DIPLOMACY SPORTS

British Ambassador Paul Brummell, a declared fan of Romania’s oina traditional sport

The diplomat shares his impressions after playing oina in Constanta, on his blog: A fascinating game, part of Romania’s cultural heritage

 

Oina is a traditional Romanian sport, whose origins appear to be quite ancient. Some believe that the name derives from the Cuman word for “game”, and it does seem to have a linguistic association with many Turkic languages. Other theories place its origins in shepherding, given its closeness to the Romanian word for sheep. While this is more fanciful, there is nonetheless something in the feel of the game, with players running up one side of the field, before returning down the other, which brings to mind the transhumance of sheep, especially when the batting players are penned in by defensive fielders trying to secure points by throwing the ball direct at them.

Oina as a sport has been linked to Romanian nationalism. It was popularised at the end of the 19th century by the then Education Minister, Spiru Haret, who gave it a place within the Romanian education system. And it was alighted on during this period by the Romanians of Transylvania, still at that time part of Austria-Hungary, as one of the cultural symbols of their drive for greater rights and autonomy. A nationalistic motive was behind the state support for oina in the communist period too. As a reaction to the sport’s associations with communism, oina suffered a sharp decline immediately following the Romanian revolution. But it has been kept alive through the enthusiasm of fans of the game, centred on the Romanian Oina Federation and clubs such as Frontiera Tomis Constanta, and is currently undergoing something of a modest revival.

It is sometimes been suggested in Romania that oina was a source of inspiration for the American game of baseball, brought to the New World by 19th century immigrants from Transylvania, although it seems more likely that baseball derives from the British game rounders. There are though some points of similarity between oina and baseball. Both involve wooden bats (though that used in oina is longer and slimmer than a baseball bat) and a ball of comparable size.  Romanian friends have often asked for my views on whether oina might be a distant cousin of cricket. But to me the sports feel very different, with oina having rather more in common with the games of rounders I remember distantly from my childhood.

With thanks to Nicu Dobre, the President of the Romanian Oina Federation, I joined the Frontiera Tomis Constanta and Spicu Horia oina teams on 10 November, for a demonstration match. The Federation’s press release ahead of the event had sparked the interest of the Constanta media. I had never received so much advance publicity for a visit I hadn’t at that point actually undertaken. I duly took to the field, the TV cameras there in force to capture my every sporting gesture. As the oldest and least fit person on the pitch I suspected this would not be flattering.

 

Our side, consisting of me and some juniors in red from the Spicu Horia team, were put into bat by the formidably fit-looking players of Frontiera Tomis Constanta. Batting started out as a rather reassuring component of oina. Unlike baseball, where the ball is hurled in your direction at great speed by an opponent, in oina it is tossed gently into the air by a team mate for you to swipe at. Two points are secured if you belt it down to the other end of the pitch. I didn’t manage that, but did at least hit the ball a reasonably satisfactory distance.

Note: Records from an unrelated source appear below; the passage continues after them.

(* The delay of a path telescopes modulo M. *)
lemma delay_mod: "xs \<noteq> [] \<Longrightarrow> delay M r xs mod M = (r (last xs) - r (hd xs)) mod M"
proof (induction xs)
  case (Cons x xs)
  show ?case
  proof (cases xs)
    case (Cons y ys)
    then have "delay M r (x # xs) mod M
        = (ominus M (r y) (r x) mod M + delay M r xs mod M) mod M"
      by (simp add: delay_Cons_Cons mod_add_eq)
    also have "\<dots> = ((r y - r x) mod M + (r (last xs) - r y) mod M) mod M"
      using Cons.IH Cons by (simp add: ominus_mod)
    also have "\<dots> = (r (last (x # xs)) - r (hd (x # xs))) mod M"
      using Cons by (simp add: mod_add_eq)
    finally show ?thesis .
  qed simp
qed simp

(* Each edge contributes at most one to a delay. *)
lemma delay_le_length: "M > 0 \<Longrightarrow> xs \<noteq> [] \<Longrightarrow> delay M r xs \<le> int (length xs) - 1"
proof (induction xs)
  case (Cons x xs)
  then show ?case
    using ominus_le_1[of M "r (hd xs)" "r x"]
    by (cases xs) (simp_all add: delay_Cons_Cons)
qed simp

section \<open>Paths, hop distance and balls\<close>

lemma is_path_snoc: "is_path V E p a xs \<Longrightarrow> E a b \<Longrightarrow> b \<in> V \<Longrightarrow> is_path V E p b (xs @ [b])"
  by (auto simp: is_path_def successively_append_iff)

lemma hop_dist_le_iff:
  assumes "\<exists>xs. is_path V E p q xs"
  shows "hop_dist V E p q \<le> m \<longleftrightarrow> (\<exists>xs. is_path V E p q xs \<and> length xs \<le> m + 1)"
proof
  assume h: "hop_dist V E p q \<le> m"
  from assms obtain xs where xs: "is_path V E p q xs" by blast
  then have "\<exists>k xs. is_path V E p q xs \<and> length xs = k + 1"
    by (intro exI[of _ "length xs - 1"] exI[of _ xs]) (auto simp: is_path_def)
  then have "\<exists>ys. is_path V E p q ys \<and> length ys = hop_dist V E p q + 1"
    unfolding hop_dist_def by (rule LeastI_ex)
  then show "\<exists>xs. is_path V E p q xs \<and> length xs \<le> m + 1" using h by auto
next
  assume "\<exists>xs. is_path V E p q xs \<and> length xs \<le> m + 1"
  then obtain xs where xs: "is_path V E p q xs" "length xs \<le> m + 1" by blast
  then have "hop_dist V E p q \<le> length xs - 1"
    unfolding hop_dist_def by (intro Least_le) (auto simp: is_path_def)
  then show "hop_dist V E p q \<le> m" using xs by auto
qed
(* In the boundary-driven switching system with $\epsilon=0$, $\gamma>0$, $N\ge2$, writing $D=1+N+2N\gamma$, for all $x\in V$ $$\theta_0(x)=\tfrac{1+\gamma}{1+2\gamma}\Big[\Big(\tfrac{(1+N)+(1+2N)\gamma}{D}-\tfrac{1+2\gamma}{D}x\Big)\rho_{L,0}+\Big(\tfrac{-\gamma}{D}+\tfrac{1+2\gamma}{D}x\Big)\rho_{R,0}\Big]+\tfrac{\gamma}{1+2\gamma}\Big[\Big(\tfrac{(1+N)+(1+2N)\gamma}{D}-\tfrac{1+2\gamma}{D}x\Big)\rho_{L,1}+\Big(\tfrac{-\gamma}{D}+\tfrac{1+2\gamma}{D}x\Big)\rho_{R,1}\Big],$$ and $$\theta_1(1)=\tfrac{\gamma}{1+\gamma}\theta_0(1)+\tfrac1{1+\gamma}\rho_{L,1},\qquad \theta_1(x)=\theta_0(x)\ (x\in\{2,\dots,N-1\}),\qquad \theta_1(N)=\tfrac{\gamma}{1+\gamma}\theta_0(N)+\tfrac1{1+\gamma}\rho_{R,1}.$$
   Context: Boundary-driven switching system: fix $\sigma\in\{-1,0,1\}$, $N\in\mathbb N$, $V=\{1,\dots,N\}$, $\epsilon\in[0,1]$, $\gamma>0$, and reservoir parameters $\rho_{L,0},\rho_{L,1},\rho_{R,0},\rho_{R,1}\ge0$ (in $[0,1]$ if $\sigma=-1$). Configurations are $\eta=(\eta_0(x),\eta_1(x))_{x\in V}$ with values in $\{0,1\}$ if $\sigma=-1$ and in $\mathbb N_0$ if $\sigma\in\{0,1\}$. Writing $\delta_{(x,i)}$ for one particle at site $x$ in layer $i$, the continuous-time Markov chain has transitions: for $x\in\{1,\dots,N-1\}$, $i\in\{0,1\}$, $\eta\to\eta-\delta_{(x,i)}+\delta_{(x+1,i)}$ at rate $\epsilon^i\eta_i(x)(1+\sigma\eta_i(x+1))$ and $\eta\to\eta-\delta_{(x+1,i)}+\delta_{(x,i)}$ at rate $\epsilon^i\eta_i(x+1)(1+\sigma\eta_i(x))$ ($\epsilon^0=1$); for $x\in V$, $\eta\to\eta-\delta_{(x,i)}+\delta_{(x,1-i)}$ at rate $\gamma\eta_i(x)(1+\sigma\eta_{1-i}(x))$; and for $i\in\{0,1\}$, $\eta\to\eta-\delta_{(1,i)}$ at rate $\eta_i(1)(1+\sigma\rho_{L,i})$, $\eta\to\eta+\delta_{(1,i)}$ at rate $\rho_{L,i}(1+\sigma\eta_i(1))$, $\eta\to\eta-\delta_{(N,i)}$ at rate $\eta_i(N)(1+\sigma\rho_{R,i})$, $\eta\to\eta+\delta_{(N,i)}$ at rate $\rho_{R,i}(1+\sigma\eta_i(N))$. This chain has a unique stationary distribution $\mu_{stat}$, and $\theta_i(x):=\mathbb E_{\mu_{stat}}[\eta_i(x)]$ is the stationary microscopic profile. *)

theory Defs
  imports "HOL-Analysis.Analysis"
begin
lemma krylov_eq_if_reach_set_eq:
  assumes "c \<le> d" and "c \<noteq> - d"
    and reach: "\<And>j. reach_set A b {c..d} j = reach_set A' b' {c..d} j"
  shows "krylov A b = krylov A' b'"
proof
  fix k
  \<comment> \<open>The k-th increment of the support function is interval_support at w \<bullet> A^k b, and
     subtracting its value at -w isolates (c + d) (w \<bullet> A^k b).\<close>
  have support_eq: "reach_support A b c d j w = reach_support A' b' c d j w" for j w
    using reach_support_mono[OF assms(1), of A b j A' b' w] reach_support_mono[OF assms(1), of A' b' j A b w]
      reach[of j] by simp
  have "interval_support c d (w \<bullet> krylov A b k) = interval_support c d (w \<bullet> krylov A' b' k)" for w
    using support_eq[of "Suc k" w] support_eq[of k w] by (simp add: reach_support_def)
  then have "(c + d) * (w \<bullet> krylov A b k) = (c + d) * (w \<bullet> krylov A' b' k)" for w
    using interval_support_minus_uminus[of c d "w \<bullet> krylov A b k"]
      interval_support_minus_uminus[of c d "w \<bullet> krylov A' b' k"] by (metis inner_minus_left)
  then have "w \<bullet> (krylov A b k - krylov A' b' k) = 0" for w
    using \<open>c \<noteq> - d\<close> by (simp add: inner_diff_right)
  then show "krylov A b k = krylov A' b' k"
    by (metis inner_eq_zero_iff eq_iff_diff_eq_0)
qed

lemma matrix_eq_if_krylov_eq:
  fixes A A' :: "real^'n^'n"
  assumes "krylov A b = krylov A' b'" and "span (range (krylov A b)) = UNIV"
  shows "A = A'"
proof -
  have "A *v krylov A b k = A' *v krylov A b k" for k
    using fun_cong[OF assms(1), of "Suc k"] fun_cong[OF assms(1), of k] by simp
  then have "span (range (krylov A b)) \<subseteq> {x. A *v x = A' *v x}"
    by (intro span_minimal)
      (auto simp: subspace_def matrix_vector_right_distrib matrix_vector_mult_scaleR)
  then show ?thesis
    using assms(2) by (auto simp: matrix_eq)
qed

theorem theorem2:
  fixes A A' :: "real^'n^'n" and b b' :: "real^'n" and c d :: real
  assumes "c < d" and "c \<noteq> - d"
    and "invertible A" and "invertible A'"
    and "card (eigenvalues A) = CARD('n)"
    and "card (eigenvalues A') = CARD('n)"
    and "\<forall>\<eta>. left_eigenvector A \<eta> \<longrightarrow> (\<Sum>j\<in>UNIV. cvec b $ j * \<eta> $ j) \<noteq> 0"
    and "\<forall>j. reach_set A b {c..d} j = reach_set A' b' {c..d} j"
  shows "A = A' \<and> b = b'"
proof -
  have krylov_eq: "krylov A b = krylov A' b'"
    using assms(1,2,8) by (intro krylov_eq_if_reach_set_eq) auto
  then have "b = b'"
    by (metis krylov_0)
  moreover have "A = A'"
    using krylov_eq span_krylov_eq_UNIV[OF assms(7)] by (rule matrix_eq_if_krylov_eq)
  ultimately show ?thesis
    by simp
qed

end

Having batted the ball, you then wait at the batting end of the pitch for an opportune moment, usually when a team mate hits the ball, to run up the pitch in pairs, running between the defending opponents who are placed at regular intervals across the field. Their geometrical deployment has the effect of forming eight “pens” over the field, with a player at each corner. This proved to be the rather more alarming part of the game, as it transpired that the defending team is able to obtain points by striking the ball at any part of your anatomy. You in turn have to run up the left side of the field to the safe area at the end, and run back again down the right side of the pitch. Your only defence against the ball being thrown at you is first, to try to avoid it, but if this proves impossible, to pat it away with the palm of your hand.

My opponents at Frontiera Tomis Constanta were clearly on their best behaviour, launching the ball at a diplomatically reduced velocity, and mercifully I was not knocked to the ground by any missiles. Nicu Dobre, who was doubling as match referee, with equal diplomacy announced at the end of the event that the result was a 10-10 tie.

I headed off to speak to the press with much less breath that I had been able to muster at the start of the game. I hope the event served to add a little more publicity to the work of the Romanian Oina Federation and to the sport of oina, which deserves to be nurtured both as a fascinating game in its own right and as a part of Romania’s cultural heritage.